Pitt Issues 'Shelter-In-Place' Order Amid COVID-19 Spike
By Jason Hall
March 31, 2021
The University of Pittsburgh has issued a "shelter-in-place" order and is moving to the elevated risk posture amid a surge in positive COVID-19 cases on campus.
The order will go into effect at 9:00 p.m. on Wednesday (March 31), WPXI reports.
Students are advised to only leave their rooms or apartments to attend classes, labs, or clinicals in-person; pick up food; exercise safely; work when necessary and shop for essential and medical items in adherence with the shelter-in-place order.
All group work and student events will be held virtually during the elevated risk posture. Campus dining options will provide takeout service only beginning with Thursday's breakfast service. Residence hall lounges, recreation rooms and kitchens will all be closed Wednesday night in adherence with the "shelter-in-place" order.

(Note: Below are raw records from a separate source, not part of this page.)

lemma set_concat_blocks: "\<forall>B\<in>set P. finite B \<Longrightarrow> set (concat_blocks P) = \<Union>(set P)"
  by (induction P) auto

lemma distinct_concat_blocks_iff:
  assumes "\<forall>B\<in>set P. finite B"
  shows "distinct (concat_blocks P) \<longleftrightarrow>
    (\<forall>i<length P. \<forall>j<length P. i \<noteq> j \<longrightarrow> P ! i \<inter> P ! j = {})"
  using assms
proof (induction P)
  case (Cons B P)
  have "(\<forall>i<length (B # P). \<forall>j<length (B # P). i \<noteq> j \<longrightarrow> (B # P) ! i \<inter> (B # P) ! j = {})
    \<longleftrightarrow> (\<forall>i<length P. \<forall>j<length P. i \<noteq> j \<longrightarrow> P ! i \<inter> P ! j = {}) \<and>
        (\<forall>j<length P. B \<inter> P ! j = {})"
    unfolding length_Cons All_less_Suc2 by (simp add: Int_commute) blast
  moreover have "B \<inter> \<Union>(set P) = {} \<longleftrightarrow> (\<forall>C\<in>set P. B \<inter> C = {})"
    by blast
  ultimately show ?case
    using Cons by (simp add: set_concat_blocks all_set_conv_all_nth)
qed simp

definition is_ord_partition :: "nat \<Rightarrow> nat set list \<Rightarrow> bool" where
  "is_ord_partition n P \<longleftrightarrow> (\<forall>B\<in>set P. B \<noteq> {} \<and> finite B) \<and>
     distinct (concat_blocks P) \<and> set (concat_blocks P) = {1..n}"

lemma ordered_partitions_iff: "P \<in> ordered_partitions n \<longleftrightarrow> is_ord_partition n P"
proof
  assume P: "P \<in> ordered_partitions n"
  then have "\<forall>B\<in>set P. B \<subseteq> {1..n}"
    unfolding ordered_partitions_def by blast
  then have "\<forall>B\<in>set P. finite B"
    using finite_subset by blast
  with P show "is_ord_partition n P"
    unfolding ordered_partitions_def is_ord_partition_def
    by (simp add: distinct_concat_blocks_iff set_concat_blocks)
next
  assume P: "is_ord_partition n P"
  then have "\<forall>B\<in>set P. finite B"
    unfolding is_ord_partition_def by blast
  with P show "P \<in> ordered_partitions n"
    unfolding ordered_partitions_def is_ord_partition_def
    by (simp add: distinct_concat_blocks_iff set_concat_blocks)
qed

lemma is_ord_partition_Union:
  "is_ord_partition n P \<Longrightarrow> \<Union>(set P) = {1..n}"
  by (simp add: ordered_partitions_iff[symmetric] ordered_partitions_def)

lemma is_ord_partition_block_unique:
  assumes "is_ord_partition n P" "i < length P" "j < length P" "x \<in> P ! i" "x \<in> P ! j"
  shows "i = j"
  using assms unfolding ordered_partitions_iff[symmetric] ordered_partitions_def by blast

lemma length_concat_blocks: "is_ord_partition n P \<Longrightarrow> length (concat_blocks P) = n"
  unfolding is_ord_partition_def by (metis card_atLeastAtMost diff_Suc_1 distinct_card)

lemma is_ord_partition_rotate1: "is_ord_partition n P \<Longrightarrow> is_ord_partition n (rotate1 P)"
  by (cases P) (auto simp: is_ord_partition_def)

lemma is_ord_partition_rotate: "is_ord_partition n P \<Longrightarrow> is_ord_partition n (rotate k P)"
  by (induction k) (simp_all add: is_ord_partition_rotate1)

section \<open>The weight of an ordered partition\<close>

lemma eps_eq_sign_list_perm:
  assumes "is_ord_partition n P"
  shows "eps P = sign (list_perm (concat_blocks P))"
proof -
  have w: "distinct (concat_blocks P)" "set (concat_blocks P) = {1..length (concat_blocks P)}"
    using assms length_concat_blocks[OF assms] by (auto simp: is_ord_partition_def)
  have "sigma_inv P = list_perm (concat_blocks P)"
    by (simp add: fun_eq_iff sigma_inv_def list_perm_def concat_blocks_def Let_def)
  moreover have "permutation (list_perm (concat_blocks P))"
    using list_perm_permutes[OF w] permutation_permutes by blast
  ultimately show ?thesis by (simp add: eps_def sigma_def sign_inverse)
qed

lemma eps_eq_inversions:
  assumes "is_ord_partition n P"
  shows "eps P = (-1) ^ inversions (concat_blocks P)"
  using assms length_concat_blocks[OF assms] sign_list_perm[of "concat_blocks P"]
  by (simp add: eps_eq_sign_list_perm[OF assms] is_ord_partition_def)

lemma eps'_eq_sum_list: "eps' P = (-1) ^ (sum_list (map (\<lambda>B. card B * (card B - 1)) P) div 2)"
  by (simp add: eps'_def sum_list_sum_nth atLeast0LessThan)

definition weight :: "nat set list \<Rightarrow> int" where
  "weight P = (-1) ^ length P * eps P * eps' P"

definition odd_blocks :: "nat set list \<Rightarrow> nat" where
  "odd_blocks P = length (filter (\<lambda>B. odd (card B)) P)"

lemma card_odd_blocks: "card {i. i < length P \<and> odd (card (P ! i))} = odd_blocks P"
  by (simp add: odd_blocks_def length_filter_conv_card)

lemma odd_blocks_rotate1: "odd_blocks (rotate1 P) = odd_blocks P"
  by (cases P) (simp_all add: odd_blocks_def)

lemma odd_blocks_rotate: "odd_blocks (rotate k P) = odd_blocks P"
  by (induction k) (simp_all add: odd_blocks_rotate1)

lemma length_concat_blocks_sum_list:
  "\<forall>B\<in>set P. finite B \<Longrightarrow> length (concat_blocks P) = sum_list (map card P)"
  by (induction P) auto

lemma weight_rotate1:
  assumes P: "is_ord_partition n P" and odd: "odd_blocks P \<le> 1"
  shows "weight (rotate1 P) = weight P"
proof (cases P)
  case (Cons B Q)
  have fin: "\<forall>C\<in>set P. finite C" and dist: "distinct (sorted_list_of_set B @ concat_blocks Q)"
    using P by (auto simp: is_ord_partition_def Cons)
  have "even (card B * sum_list (map card Q))"
  proof (cases "even (card B)")
    case False
    with odd have "\<forall>C\<in>set Q. even (card C)"
      by (auto simp: Cons odd_blocks_def filter_empty_conv)
    then have "even (sum_list (map card Q))"
      by (induction Q) auto
    then show ?thesis by simp
  qed simp
  then have "eps (Q @ [B]) = eps (B # Q)"
    using minus_one_power_inversions_swap[OF dist, of "[]" "[]"] fin
      eps_eq_inversions[OF P] eps_eq_inversions[OF is_ord_partition_rotate1[OF P]]
    by (simp add: Cons length_concat_blocks_sum_list)
  then show ?thesis by (simp add: Cons weight_def eps'_eq_sum_list add.commute)
qed simp

lemma weight_rotate:
  "is_ord_partition n P \<Longrightarrow> odd_blocks P \<le> 1 \<Longrightarrow> weight (rotate k P) = weight P"
proof (induction k)
  case (Suc k)
  then show ?case
    using weight_rotate1[of n "rotate k P"] by (simp add: is_ord_partition_rotate odd_blocks_rotate)
qed simp

lemma sorted_list_of_set_Un_less:
  assumes "finite D" "finite B" "\<forall>x\<in>D. \<forall>y\<in>B. x < y"
  shows "sorted_list_of_set (D \<union> B) = sorted_list_of_set D @ sorted_list_of_set B"
proof -
  define xs where "xs = sorted_list_of_set D @ sorted_list_of_set B"
  have "sorted xs" "distinct xs" "set xs = D \<union> B"
    using assms by (auto simp: xs_def sorted_append less_imp_le)
  have "sorted_list_of_set (set xs) = xs"
    using \<open>sorted xs\<close> \<open>distinct xs\<close>
    by (simp add: sorted_list_of_set_sort_remdups distinct_remdups_id sorted_sort_id)
  with \<open>set xs = D \<union> B\<close> show ?thesis by (simp add: xs_def)
qed

context
  fixes A C :: "nat set list" and B D :: "nat set"
  assumes fin: "finite B" "finite D" and less: "\<forall>x\<in>D. \<forall>y\<in>B. x < y"
begin

lemma concat_blocks_merge:
  "concat_blocks (A @ [D \<union> B] @ C)
     = concat_blocks A @ sorted_list_of_set D @ sorted_list_of_set B @ concat_blocks C"
  using sorted_list_of_set_Un_less[OF fin(2,1) less] by simp

lemma is_ord_partition_merge_iff:
  assumes "B \<noteq> {}" "D \<noteq> {}"
  shows "is_ord_partition n (A @ [D \<union> B] @ C) \<longleftrightarrow> is_ord_partition n (A @ [B, D] @ C)"
  using assms fin unfolding is_ord_partition_def concat_blocks_merge by (simp; blast)

lemma card_merge: "card (D \<union> B) = card D + card B"
  using fin less by (intro card_Un_disjoint) auto

lemma odd_blocks_merge:
  "even (card D) \<Longrightarrow> odd_blocks (A @ [D \<union> B] @ C) = odd_blocks (A @ [B, D] @ C)"
  by (simp add: odd_blocks_def card_merge)

lemma weight_merge:
  assumes P: "is_ord_partition n (A @ [B, D] @ C)" and even: "even (card D)"
  shows "weight (A @ [D \<union> B] @ C) = - weight (A @ [B, D] @ C)"
proof -
  define S M where "S = A @ [B, D] @ C" and "M = A @ [D \<union> B] @ C"
  have "B \<noteq> {}" "D \<noteq> {}"
    using P by (auto simp: is_ord_partition_def)
  then have M: "is_ord_partition n M"
    using P is_ord_partition_merge_iff unfolding M_def by blast
  have "distinct (sorted_list_of_set B @ sorted_list_of_set D)"
    using P fin by (auto simp: is_ord_partition_def)
  from minus_one_power_inversions_swap[OF this, of "concat_blocks A" "concat_blocks C"]
  have "eps M = eps S"
    using even fin eps_eq_inversions[OF M] eps_eq_inversions[OF P]
    by (simp add: S_def M_def sorted_list_of_set_Un_less[OF fin(2,1) less])
  moreover have "eps' M = eps' S"
  proof -
    define g where "g k = k * (k - 1)" for k :: nat
    define r where "r = sum_list (map (\<lambda>B. card B * (card B - 1)) A)
      + sum_list (map (\<lambda>B. card B * (card B - 1)) C)"
    have "g (card D + card B) = g (card D) + g (card B) + 2 * (card D * card B)"
      by (cases "card D"; cases "card B") (simp_all add: g_def algebra_simps)
    then have "(r + g (card D + card B)) div 2
        = (r + g (card B) + g (card D)) div 2 + card D * card B"
      by simp
    then show ?thesis
      using even by (simp add: S_def M_def eps'_eq_sum_list card_merge r_def g_def power_add
          add_ac power_mult)
  qed
  ultimately show ?thesis by (simp add: S_def M_def weight_def)
qed

end

lemma sorted_list_of_set_image_strict_mono_on:
  assumes "finite B" "strict_mono_on B f"
  shows "sorted_list_of_set (f ` B) = map f (sorted_list_of_set B)"
proof -
  define xs where "xs = map f (sorted_list_of_set B)"
  have "sorted_wrt (<) xs"
    unfolding xs_def sorted_wrt_map using strict_sorted_list_of_set[of B]
    by (rule sorted_wrt_mono_rel[rotated]) (use assms in \<open>auto simp: strict_mono_on_def\<close>)
  then have "sorted_list_of_set (set xs) = xs"
    by (simp add: strict_sorted_iff sorted_list_of_set_sort_remdups distinct_remdups_id
        sorted_sort_id)
  then show ?thesis using assms(1) by (simp add: xs_def)
qed

lemma concat_blocks_map_image:
  "\<forall>B\<in>set P. finite B \<and> strict_mono_on B f \<Longrightarrow>
    concat_blocks (map ((`) f) P) = map f (concat_blocks P)"
  by (induction P) (auto simp: sorted_list_of_set_image_strict_mono_on)

lemma list_perm_map:
  assumes "f permutes {1..length L}"
  shows "list_perm (map f L) = f \<circ> list_perm L"
  using permutes_not_in[OF assms] by (auto simp: fun_eq_iff list_perm_def)

context
  fixes f :: "nat \<Rightarrow> nat" and n :: nat and P :: "nat set list"
  assumes f: "f permutes {1..n}" and P: "is_ord_partition n P"
    and mono: "\<forall>B\<in>set P. strict_mono_on B f"
begin

lemma concat_blocks_map_image_perm: "concat_blocks (map ((`) f) P) = map f (concat_blocks P)"
  using P mono by (intro concat_blocks_map_image) (auto simp: is_ord_partition_def)

lemma is_ord_partition_map_image: "is_ord_partition n (map ((`) f) P)"
  using P inj_on_subset[OF permutes_inj[OF f] subset_UNIV] permutes_image[OF f]
  by (auto simp: is_ord_partition_def concat_blocks_map_image_perm distinct_map)

lemma odd_blocks_map_image: "odd_blocks (map ((`) f) P) = odd_blocks P"
  using permutes_inj[OF f]
  by (simp add: odd_blocks_def filter_map comp_def card_image inj_on_subset[of f UNIV])

lemma weight_map_image: "weight (map ((`) f) P) = sign f * weight P"
proof -
  have w: "distinct (concat_blocks P)" "set (concat_blocks P) = {1..length (concat_blocks P)}"
    using P length_concat_blocks[OF P] by (auto simp: is_ord_partition_def)
  have "permutation f" "permutation (list_perm (concat_blocks P))"
    using f list_perm_permutes[OF w] permutation_permutes by auto
  then have "eps (map ((`) f) P) = sign f * eps P"
    using f length_concat_blocks[OF P]
    unfolding eps_eq_sign_list_perm[OF is_ord_partition_map_image] eps_eq_sign_list_perm[OF P]
      concat_blocks_map_image_perm
    by (simp add: list_perm_map sign_compose)
  moreover have "eps' (map ((`) f) P) = eps' P"
    using permutes_inj[OF f]
    by (simp add: eps'_eq_sum_list comp_def card_image inj_on_subset[of f UNIV])
  ultimately show ?thesis by (simp add: weight_def)
qed

end

section \<open>Centring the weights\<close>

definition centred :: "nat \<Rightarrow> (nat \<Rightarrow> real) \<Rightarrow> nat \<Rightarrow> real" where
  "centred n lam i = lam i - (\<Sum>j=1..n. lam j) / real n"

lemma sum_centred:
  "sum (centred n lam) J = sum lam J - real (card J) * ((\<Sum>j=1..n. lam j) / real n)"
  by (simp add: centred_def sum_subtractf)

lemma sum_centred_full: "n \<ge> 1 \<Longrightarrow> sum (centred n lam) {1..n} = 0"
  by (simp add: sum_centred)

lemma finite_averages:
  "finite {sJ lam J / real (card J) | J. J \<subseteq> {1..n} \<and> sJ lam J > 0}"
  by (rule finite_subset[of _ "(\<lambda>J. sJ lam J / real (card J)) ` Pow {1..n}"]) auto

context
  fixes n :: nat and lam :: "nat \<Rightarrow> real"
  assumes pos: "0 < (\<Sum>i=1..n. lam i)" and N: "Nlam n lam = n"
begin

lemma delta_minimizer_eq_full:
  assumes J: "J \<subseteq> {1..n}" "0 < sJ lam J" "sJ lam J / real (card J) = delta n lam"
  shows "J = {1..n}"
proof -
  let ?T = "{card J | J. J \<subseteq> {1..n} \<and> sJ lam J > 0 \<and> sJ lam J / real (card J) = delta n lam}"
  have "finite ?T"
    by (rule finite_subset[of _ "card ` Pow {1..n}"]) auto
  moreover have "card J \<in> ?T" using J by blast
  ultimately have "Nlam n lam \<le> card J"
    unfolding Nlam_def by (rule Min_le)
  then have "n \<le> card J" using N by simp
  moreover have "card J \<le> n"
    using card_mono[OF _ J(1)] by simp
  ultimately show ?thesis
    using J(1) by (intro card_subset_eq) auto
qed

lemma delta_le_average:
  assumes "J \<subseteq> {1..n}" "0 < sJ lam J"
  shows "delta n lam \<le> sJ lam J / real (card J)"
  using finite_averages assms unfolding delta_def by (intro Min_le) auto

“With the U.K. variant B 1.1.7 present on campus and Allegheny County cases rising, we are deeply worried about the possibility that this trend will continue or worsen in the remaining five weeks of spring term,” the campus update said via WPXI. “Of significant concern is that the increase in positive cases since the end of last week is now among our residence hall students.”
University officials' main concern is the Oakland campus as COVID numbers are still low on regional campuses. The order comes hours after Pennsylvania Governor Tom Wolf announced the state would expand vaccine eligibility to all residents and relax capacity limits beginning on Friday (April 2.)